コーラをもう一度コップに入れていると、「まつり?」と私の名を呼ぶ声が聞こえた。
振り返ると、大人になった「彼」がそこにいた。
この男と過ごした自分の過去を殴りたかった。私は固まったまま、何も言えなくなった。最後に会ったのは彼が高校生の時だ。
「覚えてる? 俺はもう大学生だよ。まつりはあの時まだ中学生だったっけ?」
この男の名前を知らない。私が中学生の時に、間違った道を進んだ場所にいた。姉に忘れ去られた私は自分の価値を見失っていた。

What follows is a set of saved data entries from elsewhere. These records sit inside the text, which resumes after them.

(* Let $(X,d_X)$ and $(Y,d_Y)$ be metric spaces. Every distance-increasing, partial distance-preserving metric $d$ on $X\times Y$ induces the product topology on $X\times Y$.
   Context: A metric $d$ on $X\times Y$ is distance-increasing if $d((x_1,y_1),(x_2,y_2))\le d((x_3,y_3),(x_4,y_4))$ whenever $d_X(x_1,x_2)\le d_X(x_3,x_4)$ and $d_Y(y_1,y_2)\le d_Y(y_3,y_4)$; it is partial distance-preserving if $d((x_1,y),(x_2,y))=d_X(x_1,x_2)$ and $d((x,y_1),(x,y_2))=d_Y(y_1,y_2)$ for all $x,x_1,x_2\in X$, $y,y_1,y_2\in Y$. *)

theory Defs
  imports "HOL-Analysis.Analysis"
begin

definition distance_increasing ::
  "'a set \<Rightarrow> ('a \<Rightarrow> 'a \<Rightarrow> real) \<Rightarrow> 'b set \<Rightarrow> ('b \<Rightarrow> 'b \<Rightarrow> real)
   \<Rightarrow> ('a \<times> 'b \<Rightarrow> 'a \<times> 'b \<Rightarrow> real) \<Rightarrow> bool" where
  "distance_increasing X dX Y dY d \<longleftrightarrow>
    (\<forall>x1\<in>X. \<forall>x2\<in>X. \<forall>x3\<in>X. \<forall>x4\<in>X. \<forall>y1\<in>Y. \<forall>y2\<in>Y. \<forall>y3\<in>Y. \<forall>y4\<in>Y.
       dX x1 x2 \<le> dX x3 x4 \<and> dY y1 y2 \<le> dY y3 y4 \<longrightarrow>
       d (x1, y1) (x2, y2) \<le> d (x3, y3) (x4, y4))"

definition partial_distance_preserving ::
  "'a set \<Rightarrow> ('a \<Rightarrow> 'a \<Rightarrow> real) \<Rightarrow> 'b set \<Rightarrow> ('b \<Rightarrow> 'b \<Rightarrow> real)
   \<Rightarrow> ('a \<times> 'b \<Rightarrow> 'a \<times> 'b \<Rightarrow> real) \<Rightarrow> bool" where
  "partial_distance_preserving X dX Y dY d \<longleftrightarrow>
    (\<forall>x1\<in>X. \<forall>x2\<in>X. \<forall>y\<in>Y. d (x1, y) (x2, y) = dX x1 x2) \<and>
    (\<forall>x\<in>X. \<forall>y1\<in>Y. \<forall>y2\<in>Y. d (x, y1) (x, y2) = dY y1 y2)"

end

theory Submission
  imports Defs
begin

(* For a distance-increasing, partial distance-preserving
   metric d on X \<times> Y we sandwich d between the two component distances:
     max (dX x1 x2) (dY y1 y2) \<le> d (x1,y1) (x2,y2) \<le> dX x1 x2 + dY y1 y2.
   The lower bound compares (x1,y1),(x2,y2) with the pair (x1,y2),(x2,y2) resp.
   (x2,y1),(x2,y2), which differ in one coordinate only; the upper bound is the
   triangle inequality through the corner (x2,y1).  The library's Euclidean
   product metric prod_dist dX dY obeys the same sandwich, so d and prod_dist
   are Lipschitz equivalent (each is at most twice the other).  Lipschitz
   equivalent metrics induce the same topology, and the library identifies the
   topology of prod_dist with the product topology. *)

(* A metric dominated by a multiple of another one has fewer open sets:
   a d2-ball of radius r contains the d1-ball of radius r/C. *)
lemma mtopology_coarser_if_dominated:
  assumes M1: "Metric_space M d1" and M2: "Metric_space M d2" and "C > 0"
    and dom: "\<And>x y. x \<in> M \<Longrightarrow> y \<in> M \<Longrightarrow> d2 x y \<le> C * d1 x y"
    and U: "openin (Metric_space.mtopology M d2) U"
  shows "openin (Metric_space.mtopology M d1) U"
proof -
  have "U \<subseteq> M" and balls2: "\<And>x. x \<in> U \<Longrightarrow> \<exists>r>0. Metric_space.mball M d2 x r \<subseteq> U"
    using U Metric_space.openin_mtopology[OF M2] by blast+
  have "\<exists>s>0. Metric_space.mball M d1 x s \<subseteq> U" if "x \<in> U" for x
  proof -
    obtain r where "r > 0" and r: "Metric_space.mball M d2 x r \<subseteq> U"
      using balls2 \<open>x \<in> U\<close> by blast
    have "Metric_space.mball M d1 x (r / C) \<subseteq> Metric_space.mball M d2 x r"
    proof
      fix y assume "y \<in> Metric_space.mball M d1 x (r / C)"
      then have "x \<in> M" "y \<in> M" "C * d1 x y < r"
        using Metric_space.in_mball[OF M1] \<open>C > 0\<close> by (auto simp: field_simps)
      then show "y \<in> Metric_space.mball M d2 x r"
        using dom[of x y] Metric_space.in_mball[OF M2] by auto
    qed
    then show ?thesis
      using r \<open>r > 0\<close> \<open>C > 0\<close> by (intro exI[of _ "r / C"]) auto
  qed
  then show ?thesis
    using \<open>U \<subseteq> M\<close> Metric_space.openin_mtopology[OF M1] by blast
qed

lemma mtopology_eq_if_Lipschitz_equivalent:
  assumes M1: "Metric_space M d1" and M2: "Metric_space M d2"
    and "C > 0" "D > 0"
    and "\<And>x y. x \<in> M \<Longrightarrow> y \<in> M \<Longrightarrow> d2 x y \<le> C * d1 x y"
    and "\<And>x y. x \<in> M \<Longrightarrow> y \<in> M \<Longrightarrow> d1 x y \<le> D * d2 x y"
  shows "Metric_space.mtopology M d1 = Metric_space.mtopology M d2"
  unfolding topology_eq
  using mtopology_coarser_if_dominated[OF M1 M2 assms(3,5)]
    mtopology_coarser_if_dominated[OF M2 M1 assms(4,6)] by blast

(* Lower half of the sandwich: each component distance is bounded by d.
   Moving only one coordinate is never farther than moving both, since the
   fixed coordinate contributes distance 0. *)
lemma distance_increasing_component_le:
  assumes "Metric_space X dX" "Metric_space Y dY"
    and inc: "distance_increasing X dX Y dY d"
    and pres: "partial_distance_preserving X dX Y dY d"
    and "x1 \<in> X" "x2 \<in> X" "y1 \<in> Y" "y2 \<in> Y"
  shows "dX x1 x2 \<le> d (x1, y1) (x2, y2)" and "dY y1 y2 \<le> d (x1, y1) (x2, y2)"
proof -
  interpret X: Metric_space X dX by fact
  interpret Y: Metric_space Y dY by fact
  have "d (x1, y2) (x2, y2) \<le> d (x1, y1) (x2, y2)"
    using inc assms(5-8) Y.nonneg[of y1 y2] Y.mdist_zero[of y2]
    unfolding distance_increasing_def by (metis order_refl)
  then show "dX x1 x2 \<le> d (x1, y1) (x2, y2)"
    using pres assms(5-8) unfolding partial_distance_preserving_def by auto
  have "d (x2, y1) (x2, y2) \<le> d (x1, y1) (x2, y2)"
    using inc assms(5-8) X.nonneg[of x1 x2] X.mdist_zero[of x2]
    unfolding distance_increasing_def by (metis order_refl)
  then show "dY y1 y2 \<le> d (x1, y1) (x2, y2)"
    using pres assms(5-8) unfolding partial_distance_preserving_def by auto
qed

lemma partial_distance_preserving_le_sum:
  assumes "Metric_space (X \<times> Y) d"
    and pres: "partial_distance_preserving X dX Y dY d"
    and "x1 \<in> X" "x2 \<in> X" "y1 \<in> Y" "y2 \<in> Y"
  shows "d (x1, y1) (x2, y2) \<le> dX x1 x2 + dY y1 y2"
proof -
  interpret D: Metric_space "X \<times> Y" d by fact
  have "d (x1, y1) (x2, y2) \<le> d (x1, y1) (x2, y1) + d (x2, y1) (x2, y2)"
    using D.triangle assms(3-6) by auto
  also have "\<dots> = dX x1 x2 + dY y1 y2"
    using pres assms(3-6) unfolding partial_distance_preserving_def by auto
  finally show ?thesis .
qed

theorem corollary3p5:
  fixes X :: "'a set" and dX :: "'a \<Rightarrow> 'a \<Rightarrow> real"
    and Y :: "'b set" and dY :: "'b \<Rightarrow> 'b \<Rightarrow> real"
    and d :: "'a \<times> 'b \<Rightarrow> 'a \<times> 'b \<Rightarrow> real"
  assumes "Metric_space X dX" and "Metric_space Y dY"
    and "Metric_space (X \<times> Y) d"
    and "distance_increasing X dX Y dY d"
    and "partial_distance_preserving X dX Y dY d"
  shows "Metric_space.mtopology (X \<times> Y) d =
         prod_topology (Metric_space.mtopology X dX) (Metric_space.mtopology Y dY)"
proof -
  interpret XY: Metric_space12 X dX Y dY
    using assms(1,2) by (simp add: Metric_space12_def)
  have "Metric_space.mtopology (X \<times> Y) d = XY.Prod_metric.mtopology"
  proof (rule mtopology_eq_if_Lipschitz_equivalent[OF assms(3) XY.prod_metric])
    fix p q assume "p \<in> X \<times> Y" "q \<in> X \<times> Y"
    then obtain x1 y1 x2 y2 where pq: "p = (x1, y1)" "q = (x2, y2)"
      and mem: "x1 \<in> X" "x2 \<in> X" "y1 \<in> Y" "y2 \<in> Y" by auto
    note lower = distance_increasing_component_le[OF assms(1,2,4,5) mem]
    note upper = partial_distance_preserving_le_sum[OF assms(3,5) mem]
    have prod_lower: "dX x1 x2 \<le> prod_dist dX dY (x1, y1) (x2, y2)"
      "dY y1 y2 \<le> prod_dist dX dY (x1, y1) (x2, y2)"
      by (rule XY.component_le_prod_metric)+
    have prod_upper: "prod_dist dX dY (x1, y1) (x2, y2) \<le> dX x1 x2 + dY y1 y2"
      using XY.prod_metric_le_components mem by blast
    show "prod_dist dX dY p q \<le> 2 * d p q" "d p q \<le> 2 * prod_dist dX dY p q"
      using lower upper prod_lower prod_upper pq by auto
  qed auto
  then show ?thesis
    using XY.mtopology_prod_metric by simp
qed

end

だから、誰かと繋がっていることで自分を保っていた。それが良くない方法だと知っていたのに……。
「無視?」
男は顔を顰める。
どうして運命はこうも残酷なのだろう。幸せになる権利を放棄した覚えなどないのに……。
「あんなに可愛がってあげたのに、忘れたのかよ」
「まつりん?」
丁度、男が私に触ろうとした瞬間、さっきのツインテールの女の子の声が聞こえた。
私はもう口を閉ざすことしかできなかった。コップに入っているコーラも炭酸が抜けきっているに違いない。
それぐらい私はこの時間が長く思えた。
「え、お前、友達いんの?」
「誰この人、まつりんの知り合い?」
「まつりが中学生の時に沢山遊んであげていたおにいさん」
男がニコッと笑う。その笑みに思わず鳥肌が立った。
「なにそれ?」
女の子の名前、なんだっけ。
私はこの子の名前を思い出そうと気を紛らわした。宮川さん、この子のことなんて呼んでたっけ……。
「こいつ、美人だけど、ヤッても反応薄くて面白くねえんだよ」
男の口からその言葉が出た瞬間、私はこの場から逃げたくなった。逃げたいのに、足が動かなかった。地面に根っこが生えたかと思うぐらい、少しも動かすことができない。
「え、何、まつりんってそういうタイプだったの?」
一番見られたくない相手にこの場面を見られたかもしれない。
「莉子、結構驚きなんだけど……」
莉子、だ。彼女が一人称を自分の名で呼んでくれたおかげで、思い出した。皆、この子のことを「りこっぺ」って呼んでいた。
「お前、高校でどんなキャラなんだよ」
男は私に視線を移す。鋭い視線に私は目を逸らした。